Tender moments, tender flesh, tender touch, tender thoughts, tender heart, tender mind; try a little tenderness. A tender moment is encapsulated in an act of thoughtfulness; a cup of tea at the end of the day, a gift of flowers, a display of love. Tenderness is to give up one's time, attention, precious moments devoted to another. Tenderness is also pain, a moment of fragility, of weakness. It evokes skin which expands, shrinks, multiplies, and shivers to the touch. Skin which is a dying organism, for surely that is what we all are. A tender morsel of meat, deliciously melts in the mouth. Exploring these themes in contrasting ways ‘Try a little Tenderness’ brings together the works of three artists whose practice is unified in the attempt to capture these fleeting moments.

Ingrid Berthon-Moine’s multidisciplinary work explores the human experience in all its humour, its beauty, fleshiness and rawness. Using simplified forms, Berthon-Moine hints at notions of sexuality, life and death, often with a playfulness which encourages the sensation of touch and tactileness.

Flora Bradwell’s practice revels in the generously grotesque. Spanning painting, soft sculpture, installation and performance, Bradwell takes the bodily form and mutates it into giant proportions. Colourful and comforting yet monstrously alien, questioning notions of home, care and our relationship with our own bodies.

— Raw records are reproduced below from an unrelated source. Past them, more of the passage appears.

lemma sign_norm_unit_vector:
  assumes "S \<subseteq> {..<m}" "k \<in> S" "c k \<noteq> 0"
  shows "sign_norm c S (map (\<lambda>i. if i = k then 1 else 0) [0..<m]) \<noteq> 0"
proof -
  have "finite S" using assms(1) finite_subset by blast
  moreover have "(\<Sum>i\<in>S. (if i \<in> A then - c i else c i) * map (\<lambda>i. if i = k then 1 else 0) [0..<m] ! i)
      = (if k \<in> A then - c k else c k)" for A
    using assms(1,2) \<open>finite S\<close> by (simp add: subset_eq if_distrib[of "\<lambda>x. _ * x"] sum.If_cases)
  ultimately show ?thesis
    unfolding sign_norm_def using assms(3) by simp
qed

lemma linear_relation_alg_dependent:
  assumes "S \<subseteq> {..<length E}" "k \<in> S" "c k \<noteq> 0"
    "\<And>p. (\<Sum>i\<in>S. c i * edge_diff E p i) = 0"
  shows "alg_dependent E S"
proof -
  define m where "m = length E"
  have S: "finite S" "S \<subseteq> {..<m}" using assms(1) finite_subset m_def by blast+
  have "\<exists>f\<in>poly_fun m. \<forall>y. length y = m \<longrightarrow> sign_norm c S y = f (square_coords S y)"
    using S by (intro poly_fun_even_in_coords sign_norm_poly_fun sign_norm_flip) auto
  then obtain f where f: "f \<in> poly_fun m" "\<forall>y. length y = m \<longrightarrow> sign_norm c S y = f (square_coords S y)"
    by blast
  define restr where "restr x = map (\<lambda>k. if k \<in> S then x!k else 0) [0..<m]" for x :: "complex list"
  define F where "F x = f (restr x)" for x
  define u where "u = map (\<lambda>i. if i = k then 1 else (0::complex)) [0..<m]"
  have "F \<in> poly_fun m"
    unfolding F_def restr_def
  proof (rule poly_fun_subst[OF f(1), of "\<lambda>k x. if k \<in> S then x!k else 0", simplified])
    show "(\<lambda>x. if k \<in> S then x!k else 0) \<in> poly_fun m" if "k < m" for k
      using that by (cases "k \<in> S") (auto intro: poly_fun.intros)
  qed
  moreover have "F (meas_map E p) = 0" for p
  proof -
    define y where "y = map (\<lambda>k. if k \<in> S then edge_diff E p k else 0) [0..<m]"
    have "square_coords S y = restr (meas_map E p)"
      by (rule nth_equalityI) (auto simp: square_coords_def restr_def y_def m_def nth_meas_map)
    then have "F (meas_map E p) = sign_norm c S y" using f(2) by (simp add: F_def y_def)
    also have "\<dots> = 0"
      using assms(4)[of p] S by (intro sign_norm_eq_0) (auto simp: y_def subset_eq intro: sum.cong)
    finally show ?thesis .
  qed
  moreover have "F u \<noteq> 0" "length u = m"
  proof -
    have "restr u = u" "square_coords S u = u"
      using assms(2) by (auto simp: restr_def square_coords_def u_def intro!: nth_equalityI)
    then show "F u \<noteq> 0"
      using f(2) sign_norm_unit_vector[of S m k c, OF S(2) assms(2,3)] by (simp add: F_def u_def)
  qed (simp add: u_def)
  moreover have "F x = F x'" if "\<forall>k\<in>S. x!k = x'!k" for x x'
    using that unfolding F_def restr_def by (metis (mono_tags, lifting) map_eq_conv)
  ultimately show ?thesis
    unfolding alg_dependent_def m_def[symmetric]
    by (intro bexI[of _ F] conjI exI[of _ u]) simp_all
qed

section \<open>The graphic matroid\<close>

definition edge_step :: "('a \<times> 'a) list \<Rightarrow> nat set \<Rightarrow> 'a \<Rightarrow> 'a \<Rightarrow> bool" where
  "edge_step E T x y \<longleftrightarrow> (\<exists>i\<in>T. {x, y} = {fst (E!i), snd (E!i)})"
text \<open>
  The defining recursion says (q * q)(x) = 2^n q(x) on H_n. Write q(ac) = q(a) q(c) + \<delta>(a, c)
  with \<delta> bilinear and expand (q * q)(xy) through \<Delta>(xy) = \<Delta>(x) \<Delta>(y). By induction on the
  total degree m + n of x and y, \<delta> vanishes on every pair of components except (x, y) itself
  and (1, 1), so 2^(m+n) q(xy) = 2^m q(x) 2^n q(y) + 2 \<delta>(x, y), which forces \<delta>(x, y) = 0.

  The binomial convolution powers satisfy q^(*s) * q^(*t) = q^(*(s+t)) by coassociativity and
  Vandermonde's identity, hence q^(*2^j)(x) = 2^(jn) q(x) on H_n. Since \<phi>^(*p) vanishes on H_n
  for p > n, both sides of q^(*h)(x) = h^n q(x) are polynomials in h, and they agree at the
  infinitely many points h = 2^j.
\<close>

lemma tev_Nil [simp]: "tev f g [] = 0"
  by (simp add: tev_def)

lemma tev_Cons [simp]: "tev f g (p # xs) = f (fst p) * g (snd p) + tev f g xs"
  by (cases p) (simp add: tev_def)

lemma tev_sum_left: "tev (\<lambda>a. \<Sum>i\<in>I. f i a) g xs = (\<Sum>i\<in>I. tev (f i) g xs)"
  by (induction xs) (auto simp: sum.distrib sum_distrib_right)

lemma tev_sum_right: "tev f (\<lambda>b. \<Sum>i\<in>I. g i b) xs = (\<Sum>i\<in>I. tev f (g i) xs)"
  by (induction xs) (auto simp: sum.distrib sum_distrib_left)

lemma tev_scale_left: "tev (\<lambda>a. c * f a) g xs = c * tev f g xs"
  by (induction xs) (auto simp: algebra_simps)
lemma pos_max_ratio_attained:
  fixes a c :: "'i \<Rightarrow> real"
  assumes "finite I" and "I \<noteq> {}" and "\<forall>i\<in>I. 0 < c i" and "0 \<le> t"
  obtains y where "\<forall>i\<in>I. 0 \<le> y i" and "(\<Sum>i\<in>I. c i * y i) \<le> t"
    and "(\<Sum>i\<in>I. a i * y i) = pos_max_ratio a c I * t"
proof (cases "Max ((\<lambda>i. a i / c i) ` I) \<le> 0")
  case True
  then have "pos_max_ratio a c I = 0" by (simp add: pos_max_ratio_def)
  with that[of "\<lambda>_. 0"] assms(4) show ?thesis by simp
next
  case False
  have "Max ((\<lambda>i. a i / c i) ` I) \<in> (\<lambda>i. a i / c i) ` I"
    using assms(1,2) by (intro Max_in) auto
  then obtain j where j: "j \<in> I" and max_j: "Max ((\<lambda>i. a i / c i) ` I) = a j / c j"
    by blast
  have "c j > 0" using assms(3) j by blast
  let ?y = "\<lambda>i. if i = j then t / c j else 0"
  have sum_y: "(\<Sum>i\<in>I. f i * ?y i) = f j * (t / c j)" for f :: "'i \<Rightarrow> real"
  proof -
    have "(\<Sum>i\<in>I. f i * ?y i) = (\<Sum>i\<in>I. if i = j then f j * (t / c j) else 0)"
      by (rule sum.cong) auto
    then show ?thesis using assms(1) j by simp
  qed
  have "(\<Sum>i\<in>I. c i * ?y i) = t" and "(\<Sum>i\<in>I. a i * ?y i) = a j / c j * t"
    using sum_y[of c] sum_y[of a] \<open>c j > 0\<close> by simp_all
  moreover have "pos_max_ratio a c I = a j / c j"
    using False max_j by (simp add: pos_max_ratio_def)
  ultimately show ?thesis
    using that[of ?y] assms(4) \<open>c j > 0\<close> by simp
qed

lemma scaled_budget_sum_le:
  fixes a p z :: "'i \<Rightarrow> real"
  assumes "finite I" and "\<forall>i\<in>I. 0 < p i" and "0 \<le> \<omega>" and "\<omega> = 0 \<Longrightarrow> \<forall>i\<in>I. a i \<le> 0"
    and "\<forall>i\<in>I. 0 \<le> z i" and "(\<Sum>i\<in>I. p i * \<omega> * z i) \<le> t"
  shows "(\<Sum>i\<in>I. a i * z i) \<le> (if 0 < \<omega> then pos_max_ratio a (\<lambda>i. p i * \<omega>) I * t else 0)"
proof (cases "0 < \<omega>")
  case True
  then have "(\<Sum>i\<in>I. a i * z i) \<le> pos_max_ratio a (\<lambda>i. p i * \<omega>) I * (\<Sum>i\<in>I. p i * \<omega> * z i)"
    using assms(1,2,5) by (intro sum_mult_le_pos_max_ratio) auto
  also have "\<dots> \<le> pos_max_ratio a (\<lambda>i. p i * \<omega>) I * t"
    using assms(6) by (simp add: mult_left_mono pos_max_ratio_nonneg)
  finally show ?thesis using True by simp
next
  case False
  then have "\<forall>i\<in>I. a i \<le> 0" using assms(3,4) by simp
  then show ?thesis
    using False assms(5) by (simp add: sum_nonpos mult_nonpos_nonneg)
qed

lemma scaled_budget_sum_attained:
  fixes a p :: "'i \<Rightarrow> real"
  assumes "finite I" and "I \<noteq> {}" and "\<forall>i\<in>I. 0 < p i" and "0 \<le> t"
  obtains z where "\<forall>i\<in>I. 0 \<le> z i" and "(\<Sum>i\<in>I. p i * \<omega> * z i) \<le> t"
    and "(\<Sum>i\<in>I. a i * z i) = (if 0 < \<omega> then pos_max_ratio a (\<lambda>i. p i * \<omega>) I * t else 0)"
proof (cases "0 < \<omega>")
  case True
  with assms obtain z where "\<forall>i\<in>I. 0 \<le> z i" "(\<Sum>i\<in>I. p i * \<omega> * z i) \<le> t"
      "(\<Sum>i\<in>I. a i * z i) = pos_max_ratio a (\<lambda>i. p i * \<omega>) I * t"
    by (elim pos_max_ratio_attained[of I "\<lambda>i. p i * \<omega>"]) auto
  with True that show ?thesis by simp
next
  case False
  with that[of "\<lambda>_. 0"] assms(4) show ?thesis by simp
qed

text \<open>The witness need not be extensional: it can always be restricted to \<open>{1..N} \<times> V\<close>.\<close>

lemma mem_proj_setH_iff:
  "\<theta> \<in> proj_theta (setH V N p w a h) \<longleftrightarrow>
     \<theta> \<in> V \<rightarrow>\<^sub>E {0..} \<and>
     (\<exists>Y. (\<forall>v\<in>V. \<forall>\<xi>\<in>{1..N}. 0 \<le> Y v \<xi>) \<and>
          (\<forall>v\<in>V. (\<Sum>\<xi>\<in>{1..N}. p \<xi> * w v * Y v \<xi>) \<le> \<theta> v) \<and>
          h \<le> (\<Sum>v\<in>V. \<Sum>\<xi>\<in>{1..N}. a \<xi> v * Y v \<xi>))"
proof
  assume "\<theta> \<in> proj_theta (setH V N p w a h)"
  then obtain y where "(\<theta>, y) \<in> setH V N p w a h"
    unfolding proj_theta_def by auto
  moreover have "(\<Sum>\<xi>\<in>{1..N}. \<Sum>v\<in>V. a \<xi> v * y (\<xi>, v)) = (\<Sum>v\<in>V. \<Sum>\<xi>\<in>{1..N}. a \<xi> v * y (\<xi>, v))"
    by (rule sum.swap)
  ultimately show "\<theta> \<in> V \<rightarrow>\<^sub>E {0..} \<and> (\<exists>Y. (\<forall>v\<in>V. \<forall>\<xi>\<in>{1..N}. 0 \<le> Y v \<xi>) \<and>
          (\<forall>v\<in>V. (\<Sum>\<xi>\<in>{1..N}. p \<xi> * w v * Y v \<xi>) \<le> \<theta> v) \<and>
          h \<le> (\<Sum>v\<in>V. \<Sum>\<xi>\<in>{1..N}. a \<xi> v * Y v \<xi>))"
    unfolding setH_def by (intro conjI exI[of _ "\<lambda>v \<xi>. y (\<xi>, v)"]) auto
next
  assume "\<theta> \<in> V \<rightarrow>\<^sub>E {0..} \<and> (\<exists>Y. (\<forall>v\<in>V. \<forall>\<xi>\<in>{1..N}. 0 \<le> Y v \<xi>) \<and>
          (\<forall>v\<in>V. (\<Sum>\<xi>\<in>{1..N}. p \<xi> * w v * Y v \<xi>) \<le> \<theta> v) \<and>
          h \<le> (\<Sum>v\<in>V. \<Sum>\<xi>\<in>{1..N}. a \<xi> v * Y v \<xi>))"
  then obtain Y where \<theta>: "\<theta> \<in> V \<rightarrow>\<^sub>E {0..}" and Y_nonneg: "\<forall>v\<in>V. \<forall>\<xi>\<in>{1..N}. 0 \<le> Y v \<xi>"
    and budget: "\<forall>v\<in>V. (\<Sum>\<xi>\<in>{1..N}. p \<xi> * w v * Y v \<xi>) \<le> \<theta> v"
    and cover: "h \<le> (\<Sum>v\<in>V. \<Sum>\<xi>\<in>{1..N}. a \<xi> v * Y v \<xi>)"
    by blast
  define y where "y = restrict (\<lambda>(\<xi>, v). Y v \<xi>) ({1..N} \<times> V)"
  have y_eq: "y (\<xi>, v) = Y v \<xi>" if "\<xi> \<in> {1..N}" "v \<in> V" for \<xi> v
    using that by (simp add: y_def)
  have "(\<Sum>\<xi>\<in>{1..N}. \<Sum>v\<in>V. a \<xi> v * y (\<xi>, v)) = (\<Sum>v\<in>V. \<Sum>\<xi>\<in>{1..N}. a \<xi> v * Y v \<xi>)"
    by (subst sum.swap) (simp add: y_eq)
  moreover have "(\<Sum>\<xi>\<in>{1..N}. p \<xi> * w v * y (\<xi>, v)) = (\<Sum>\<xi>\<in>{1..N}. p \<xi> * w v * Y v \<xi>)"
    if "v \<in> V" for v
    using that by (simp add: y_eq)
  moreover have "y \<in> ({1..N} \<times> V) \<rightarrow>\<^sub>E {0..}"
    using Y_nonneg by (auto simp: y_def)
  ultimately have "(\<theta>, y) \<in> setH V N p w a h"
    using \<theta> budget cover unfolding setH_def by auto
  then show "\<theta> \<in> proj_theta (setH V N p w a h)"
    unfolding proj_theta_def by force
qed

lemma proj_setH_unbounded:
  assumes "finite V" and "v\<^sub>0 \<in> V" and "\<xi>\<^sub>0 \<in> {1..N}" and "w v\<^sub>0 = 0" and "0 < a \<xi>\<^sub>0 v\<^sub>0"
  shows "proj_theta (setH V N p w a h) = V \<rightarrow>\<^sub>E {0..}"
proof
  show "proj_theta (setH V N p w a h) \<subseteq> V \<rightarrow>\<^sub>E {0..}"
    by (auto simp: mem_proj_setH_iff)
next
  show "V \<rightarrow>\<^sub>E {0..} \<subseteq> proj_theta (setH V N p w a h)"
  proof
    fix \<theta> :: "'a \<Rightarrow> real" assume \<theta>: "\<theta> \<in> V \<rightarrow>\<^sub>E {0..}"
    define M where "M = max 0 h / a \<xi>\<^sub>0 v\<^sub>0"
    define Y where "Y v \<xi> = (if v = v\<^sub>0 \<and> \<xi> = \<xi>\<^sub>0 then M else 0)" for v \<xi>
    have "M \<ge> 0" using assms(5) by (simp add: M_def)
    have budget: "(\<Sum>\<xi>\<in>{1..N}. p \<xi> * w v * Y v \<xi>) = 0" for v
      using assms(4) by (cases "v = v\<^sub>0") (simp_all add: Y_def)
    have "(\<Sum>\<xi>\<in>{1..N}. a \<xi> v * Y v \<xi>) = (if v = v\<^sub>0 then max 0 h else 0)" for v
      using assms(3,5) by (cases "v = v\<^sub>0") (simp_all add: Y_def M_def if_distrib[of "(*) _"] sum.delta cong: if_cong)
    then have cover: "(\<Sum>v\<in>V. \<Sum>\<xi>\<in>{1..N}. a \<xi> v * Y v \<xi>) = max 0 h"
      using assms(1,2) by simp
    show "\<theta> \<in> proj_theta (setH V N p w a h)"
      using \<theta> \<open>M \<ge> 0\<close> budget cover unfolding mem_proj_setH_iff
      by (intro conjI exI[of _ Y]) (auto simp: Y_def)
  qed
qed

lemma coverage_bound_if_mem_proj_setH:
  assumes "finite V" and "\<forall>\<xi>\<in>{1..N}. 0 < p \<xi>" and "\<forall>v\<in>V. 0 \<le> w v"
    and "\<forall>v\<in>V. w v = 0 \<longrightarrow> (\<forall>\<xi>\<in>{1..N}. a \<xi> v \<le> 0)"
    and "\<theta> \<in> proj_theta (setH V N p w a h)"
  shows "h \<le> (\<Sum>v\<in>{v\<in>V. 0 < w v}. pos_max_ratio (\<lambda>\<xi>. a \<xi> v) (\<lambda>\<xi>. p \<xi> * w v) {1..N} * \<theta> v)"
    (is "_ \<le> (\<Sum>v\<in>_. ?r v * \<theta> v)")
proof -
  obtain Y where Y_nonneg: "\<forall>v\<in>V. \<forall>\<xi>\<in>{1..N}. 0 \<le> Y v \<xi>"
    and budget: "\<forall>v\<in>V. (\<Sum>\<xi>\<in>{1..N}. p \<xi> * w v * Y v \<xi>) \<le> \<theta> v"
    and cover: "h \<le> (\<Sum>v\<in>V. \<Sum>\<xi>\<in>{1..N}. a \<xi> v * Y v \<xi>)"
    using assms(5) unfolding mem_proj_setH_iff by blast
  have "(\<Sum>\<xi>\<in>{1..N}. a \<xi> v * Y v \<xi>) \<le> (if 0 < w v then ?r v * \<theta> v else 0)" if "v \<in> V" for v
    by (rule scaled_budget_sum_le) (use assms(2-4) Y_nonneg budget that in auto)
  then have "(\<Sum>v\<in>V. \<Sum>\<xi>\<in>{1..N}. a \<xi> v * Y v \<xi>) \<le> (\<Sum>v\<in>V. if 0 < w v then ?r v * \<theta> v else 0)"
    by (rule sum_mono)
  also have "\<dots> = (\<Sum>v\<in>{v\<in>V. 0 < w v}. ?r v * \<theta> v)"
    using assms(1) by (rule sum.inter_filter[symmetric])
  finally show ?thesis using cover by linarith
qed

lemma mem_proj_setH_if_coverage_bound:
  assumes "finite V" and "0 < N" and "\<forall>\<xi>\<in>{1..N}. 0 < p \<xi>" and "\<theta> \<in> V \<rightarrow>\<^sub>E {0..}"
    and "h \<le> (\<Sum>v\<in>{v\<in>V. 0 < w v}. pos_max_ratio (\<lambda>\<xi>. a \<xi> v) (\<lambda>\<xi>. p \<xi> * w v) {1..N} * \<theta> v)"
  shows "\<theta> \<in> proj_theta (setH V N p w a h)"
proof -
  let ?r = "\<lambda>v. pos_max_ratio (\<lambda>\<xi>. a \<xi> v) (\<lambda>\<xi>. p \<xi> * w v) {1..N}"
  let ?optimal = "\<lambda>v z. (\<forall>\<xi>\<in>{1..N}. 0 \<le> z \<xi>) \<and> (\<Sum>\<xi>\<in>{1..N}. p \<xi> * w v * z \<xi>) \<le> \<theta> v \<and>
      (\<Sum>\<xi>\<in>{1..N}. a \<xi> v * z \<xi>) = (if 0 < w v then ?r v * \<theta> v else 0)"
  have "\<exists>z. ?optimal v z" if "v \<in> V" for v
  proof -
    have "0 \<le> \<theta> v" using assms(4) that by auto
    obtain z where "?optimal v z"
      by (rule scaled_budget_sum_attained[where I = "{1..N}" and a = "\<lambda>\<xi>. a \<xi> v" and \<omega> = "w v"])
        (use assms(2,3) \<open>0 \<le> \<theta> v\<close> in auto)
    then show ?thesis by blast
  qed
  then obtain Y where Y: "\<forall>v\<in>V. ?optimal v (Y v)"
    using bchoice[of V ?optimal] by blast
  note assms(5)
  also have "(\<Sum>v\<in>{v\<in>V. 0 < w v}. ?r v * \<theta> v) = (\<Sum>v\<in>V. if 0 < w v then ?r v * \<theta> v else 0)"
    using assms(1) by (rule sum.inter_filter)
  also have "\<dots> = (\<Sum>v\<in>V. \<Sum>\<xi>\<in>{1..N}. a \<xi> v * Y v \<xi>)"
    using Y by (intro sum.cong) auto
  finally show ?thesis
    using assms(4) Y unfolding mem_proj_setH_iff by blast
qed

lemma proj_setH_eq:
  assumes "finite V" and "0 < N" and "\<forall>\<xi>\<in>{1..N}. 0 < p \<xi>" and "\<forall>v\<in>V. 0 \<le> w v"
    and "\<forall>v\<in>V. w v = 0 \<longrightarrow> (\<forall>\<xi>\<in>{1..N}. a \<xi> v \<le> 0)"
  shows "proj_theta (setH V N p w a h) =
    {\<theta> \<in> V \<rightarrow>\<^sub>E {0..}.
       h \<le> (\<Sum>v\<in>{v\<in>V. 0 < w v}. pos_max_ratio (\<lambda>\<xi>. a \<xi> v) (\<lambda>\<xi>. p \<xi> * w v) {1..N} * \<theta> v)}"
  using coverage_bound_if_mem_proj_setH[OF assms(1,3-5)] mem_proj_setH_if_coverage_bound[OF assms(1-3)]
  by (auto simp: mem_proj_setH_iff)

Damien Flood’s work spans painting and sculpture and are recognisably traditional but steeped in surprisingly modern principles. Tender moments are captured, fleeting as if a dream, yet tactile enough for recognition. The experience of a lived experience and the fleeting moments we cherish and cling to.

All are welcome to join us to celebrate the opening of ‘Try a little… Tenderness’ on Saturday 4th February 5-8pm, kindly sponsored by Old Dairy Brewery.

This exhibition is proudly sponsored by Culture Ireland.

Ingrid Berthon-Moine is a French visual artist based in London. A multi-disciplinary artist, her work examines the construction of gender identity and its behavioural consequences in our society. In 2020, she created the online project ‘I Lack it, I Like it’ where she interviews womxn, who work in various fields of the artistic and creative industries, on their notion of lack.

Flora Bradwell completed her BA in Painting at City & Guilds of London Art School in 2009 and her Master of Fine Arts at the Slade School of Fine Art in 2021. A compulsion towards the carnivalesque and a vibrant trashy aesthetic are key to Flora Bradwell's playful practice. Encompassing painting, sculpture, video and performance Flora's work revels in the generously grotesque. Compositions of frescoes, cult manifestoes and nursery rhymes are squeezed through a fantastical filter to create dimly recognisable imagined worlds. Camp and theatrics are employed to demonstrate the ridiculousness of patriarchal systems and gossip fuels visual flights of fancy as the props of daily life are put on a pedestal.

Damien Flood is an Irish artist based in Dublin. His work is grounded in early writings on philosophy, theology, alchemy, and the natural sciences and explores the mutability of 'reality' and language. Flood has exhibited extensively both nationally and internationally including Dubai, New York, Los Angeles, London, Paris, Berlin, Cologne, Knokke, Modena.